• Fernanda Fabian, 30, is non-monogamous and her partner of six years is monogamous.
  • They’ve figured out how to make their relationship work.
  • Fabian is open to closing their relationship for some time if they both feel it’s needed.

This as-told-to essay is based on a conversation with Fernanda Fabian, the host of Polycurious podcast. It has been edited for length and clarity.

My partner of six years is monogamous, while I’m non-monogamous. I’ve learned that both people don’t have to be monogamous or non-monogamous to make a relationship work.

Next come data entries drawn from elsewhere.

(* The morphism $\tau$ restricts to an isomorphism $\tau:U_\tau\xrightarrow{\sim}U_\rho$, one has $U_\rho\subseteq\bar M\setminus T_\rho$, and $\rho$ restricts to an isomorphism $\rho:U_\rho\xrightarrow{\sim}U_\tau$ with $\tau|_{U_\tau}=(\rho|_{U_\rho})^{-1}$.
   Context: Work over $\mathbb Q$. Let $\sigma_k$ be the $k$-th elementary symmetric polynomial in $x_0,\dots,x_4$ and $\bar M\subset\mathbb P^4$ the surface $\sigma_2=\sigma_4=0$. Let $t_0=(y-z)(xy+xz-z^2)$, $t_1=xz^2+yz^2-x^2y-z^3$, $t_2=x(z^2-y^2-xz)$, $t_3=z(yz-xz+x^2-y^2)$, $\tau_i=-(\prod_{j\in\{0,..,3\},j\neq i}t_j)(\sum_{j=0}^3t_j)$ ($i\le3$), $\tau_4=\prod_{j=0}^3t_j$, $T_\tau=\bigcap_iV_+(\tau_i)\subset\mathbb P^2$ (finite); $\tau=(\tau_0:\dots:\tau_4)$ defines a morphism $\mathbb P^2\setminus T_\tau\to\bar M$ (its scheme-theoretic image is $\bar M$). With $r_i=\prod_{j\in\{0,..,4\},j\neq i}x_j$, set $\rho_0=-(r_1+r_3)(r_0+r_1+r_2)$, $\rho_1=r_0(r_0+r_1+r_2+r_3)$, $\rho_2=r_0(r_0+r_2)$, $T_\rho=\bar M\cap\bigcap_{i}V_+(\rho_i)$, and $\rho=(\rho_0:\rho_1:\rho_2):\bar M\setminus T_\rho\to\mathbb P^2$. Let $\lambda=\rho_0(\tau_0,\dots,\tau_4)/x\in\mathbb Z[x,y,z]$, $C_\tau=V_+(\lambda)$, $U_\tau=\mathbb P^2\setminus C_\tau$ and $U_\rho=\tau(U_\tau)\subset\bar M$. *)

theory Defs
  imports Main "HOL-Library.Poly_Mapping"
begin

definition t0 :: "'a::comm_ring_1 \<Rightarrow> 'a \<Rightarrow> 'a \<Rightarrow> 'a" where
  "t0 x y z = (y - z) * (x*y + x*z - z^2)"
definition t1 :: "'a::comm_ring_1 \<Rightarrow> 'a \<Rightarrow> 'a \<Rightarrow> 'a" where
  "t1 x y z = x*z^2 + y*z^2 - x^2*y - z^3"
definition t2 :: "'a::comm_ring_1 \<Rightarrow> 'a \<Rightarrow> 'a \<Rightarrow> 'a" where
  "t2 x y z = x * (z^2 - y^2 - x*z)"
definition t3 :: "'a::comm_ring_1 \<Rightarrow> 'a \<Rightarrow> 'a \<Rightarrow> 'a" where
  "t3 x y z = z * (y*z - x*z + x^2 - y^2)"

definition tt :: "nat \<Rightarrow> 'a::comm_ring_1 \<Rightarrow> 'a \<Rightarrow> 'a \<Rightarrow> 'a" where
  "tt j x y z = (if j = 0 then t0 x y z else if j = 1 then t1 x y z
                 else if j = 2 then t2 x y z else t3 x y z)"

text \<open>The five coordinates tau_0..tau_4 (entries with index >= 5 are 0 and never used).\<close>
definition tau :: "'a::comm_ring_1 \<Rightarrow> 'a \<Rightarrow> 'a \<Rightarrow> nat \<Rightarrow> 'a" where
  "tau x y z i =
     (if i < 4 then - (\<Prod>j\<in>{0..3} - {i}. tt j x y z) * (\<Sum>j\<in>{0..3}. tt j x y z)
      else if i = 4 then (\<Prod>j\<in>{0..3}. tt j x y z) else 0)"

definition esym :: "nat \<Rightarrow> (nat \<Rightarrow> 'a::comm_ring_1) \<Rightarrow> 'a" where
  "esym k v = (\<Sum>S\<in>{S. S \<subseteq> {0..<5} \<and> card S = k}. \<Prod>i\<in>S. v i)"

definition rr :: "nat \<Rightarrow> (nat \<Rightarrow> 'a::comm_ring_1) \<Rightarrow> 'a" where
  "rr i v = (\<Prod>j\<in>{0..<5} - {i}. v j)"

definition rho0 :: "(nat \<Rightarrow> 'a::comm_ring_1) \<Rightarrow> 'a" where
  "rho0 v = - (rr 1 v + rr 3 v) * (rr 0 v + rr 1 v + rr 2 v)"
definition rho1 :: "(nat \<Rightarrow> 'a::comm_ring_1) \<Rightarrow> 'a" where
  "rho1 v = rr 0 v * (rr 0 v + rr 1 v + rr 2 v + rr 3 v)"
definition rho2 :: "(nat \<Rightarrow> 'a::comm_ring_1) \<Rightarrow> 'a" where
  "rho2 v = rr 0 v * (rr 0 v + rr 2 v)"

type_synonym zpoly = "(nat \<Rightarrow>\<^sub>0 nat) \<Rightarrow>\<^sub>0 int"

definition Var :: "nat \<Rightarrow> zpoly" where
  "Var i = Poly_Mapping.single (Poly_Mapping.single i 1) 1"

definition lambda_poly :: zpoly where
  "lambda_poly = (THE q. Var 0 * q = rho0 (tau (Var 0) (Var 1) (Var 2)))"

definition peval :: "zpoly \<Rightarrow> 'a::comm_ring_1 \<times> 'a \<times> 'a \<Rightarrow> 'a" where
  "peval p P = (case P of (x, y, z) \<Rightarrow>
     (\<Sum>m\<in>Poly_Mapping.keys p. of_int (Poly_Mapping.lookup p m) *
        x ^ Poly_Mapping.lookup m 0 * y ^ Poly_Mapping.lookup m 1 * z ^ Poly_Mapping.lookup m 2))"

text \<open>Points of P^2 are nonzero triples, points of P^4 nonzero vectors (indices 0..4);
  equality of projective points is proportionality.\<close>

definition P2 :: "('a::field \<times> 'a \<times> 'a) set" where
  "P2 = {p. p \<noteq> (0, 0, 0)}"

definition proj2_eq :: "'a::field \<times> 'a \<times> 'a \<Rightarrow> 'a \<times> 'a \<times> 'a \<Rightarrow> bool" where
  "proj2_eq p q = (case p of (x, y, z) \<Rightarrow> p \<noteq> (0, 0, 0) \<and>
      (\<exists>c. c \<noteq> 0 \<and> q = (c * x, c * y, c * z)))"

definition proj4_eq :: "(nat \<Rightarrow> 'a::field) \<Rightarrow> (nat \<Rightarrow> 'a) \<Rightarrow> bool" where
  "proj4_eq v w = ((\<exists>i<5. v i \<noteq> 0) \<and> (\<exists>c. c \<noteq> 0 \<and> (\<forall>i<5. w i = c * v i)))"

definition tau_pt :: "'a::field \<times> 'a \<times> 'a \<Rightarrow> nat \<Rightarrow> 'a" where
  "tau_pt P = (case P of (x, y, z) \<Rightarrow> tau x y z)"

definition rho_pt :: "(nat \<Rightarrow> 'a::field) \<Rightarrow> 'a \<times> 'a \<times> 'a" where
  "rho_pt v = (rho0 v, rho1 v, rho2 v)"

I met my partner Seth at Burning Man in 2018. We were in the same camp of about 120 people. One night, we were at our campground after dinner. There was music playing, and we both found ourselves walking to the middle of the dance floor to introduce ourselves. We talked for 15 minutes and then decided to hang out that night. We had a very instant connection. I remember after we hung out, his friend asked him, “Why didn’t you tell me about your girlfriend?” He said, “Oh, because I just met her 15 minutes ago.” As cliché as it sounds, it felt like we’d known each other for a long time.

I brought up non-monogamy early on

The second night after we met at Burning Man, I told Seth I was non-monogamous. I told him that I had friends who were non-monogamous and that I was curious about having an open relationship. He said that he could be open to an open relationship. When he said that, I thought he was saying he would also be open on his side, but he meant that he was open to figuring out how he could support me in doing what I want, even if it’s not his thing.

After Burning Man, he headed home to San Francisco while I headed home to New York, but we stayed in touch. Two weeks later, he came to visit me in New York, and then two weeks after that, I went to visit him in San Francisco. We did long-distance for nine months, before Seth moved to New York in 2019.

About a month into our long-distance relationship, he asked me if I wanted to be his girlfriend. I thought it was cute that he asked and said, “Yes.” I realized that for him, being his girlfriend meant being exclusive. So I asked him, “Does this mean I can’t have sex with other people?” He said, “Yep, that’s what it means.” We discussed it further, and he said that he was not ready for me to date other people yet.

Around six months into the relationship, he said it was OK for me to have sex with other people, but only with people I’d already had sex with before I met him, only with people that had a partner, and only when he was away since we were long distance. A little over a year into the relationship, we got to my ideal stage of me being able to date whomever I wanted more regularly. For my dates, we started off with once a month, then once every couple of weeks. Now I have freedom, but we’ll still have a conversation if needed.

The first time I went on a date with someone else, I could tell Seth was jealous and having a hard time. I would come home wanting to connect with him either because being with someone else served as a reminder of how great Seth is, or I would have a very fun experience, sexually or otherwise, with my date and want to replicate that experience with him. But Seth found it strange that I’d want to connect with him after a date and would act a little distant at first. When we talked about it, he shared that it took him more time to shake off the feeling that I had just come back from a date with someone else.

We have a partial “Don’t Ask, Don’t Tell” system when it comes to my dates. While he knows I went on a date, I don’t share details about the date and occasionally, I’ll pretend like it didn’t happen. However, if he knows the person I’m dating, he’s always been open to allowing them over for an event or even attending an event where he knows they’ll be there. I may not share much about my dates, but it’s nice that he’s open to meeting the people I date.

My partner has the option to be non monogamous if he wants

Seth isn’t interested in a romantic or sexual connection with anyone else and hasn’t been for the past six years of our relationship, but he has the option to do so if he ever wants to. While I feel recharged by being with other people, Seth is an introvert who feels recharged by being on his own. I think his introversion is why he’s OK with our dynamic. When I come back from spending time with others, we both feel recharged and ready to reconnect.

I decided to share our dynamic with my mom’s side of the family. I’ll tell my mom about a date I went on, and she’ll say, “Don’t let Seth hear you.” I just tell her, “Mom, it’s OK; Seth knows.” My mom really likes Seth and doesn’t want me to harm our relationship by seeing other people. I didn’t tell my dad about the details of our connection until more recently, not out of fear or judgment, but because sex and relationships are not topics I’d ever previously spoken to him about.

Even though I’m non-monogamous, there are temporary periods, usually about four months, when I’m monogamous. Being non-monogamous adds to my life the ability to feel attraction and connection to a person and pursue it. But attraction and connection with others don’t always happen, and sometimes, I want to focus my energy on things other than dating.

Although I wouldn’t want to close our relationship forever if, for whatever reason, we decided that non-monogamy was no longer right, there’s always an option for us to have a conversation, and if we had to, close it for some time.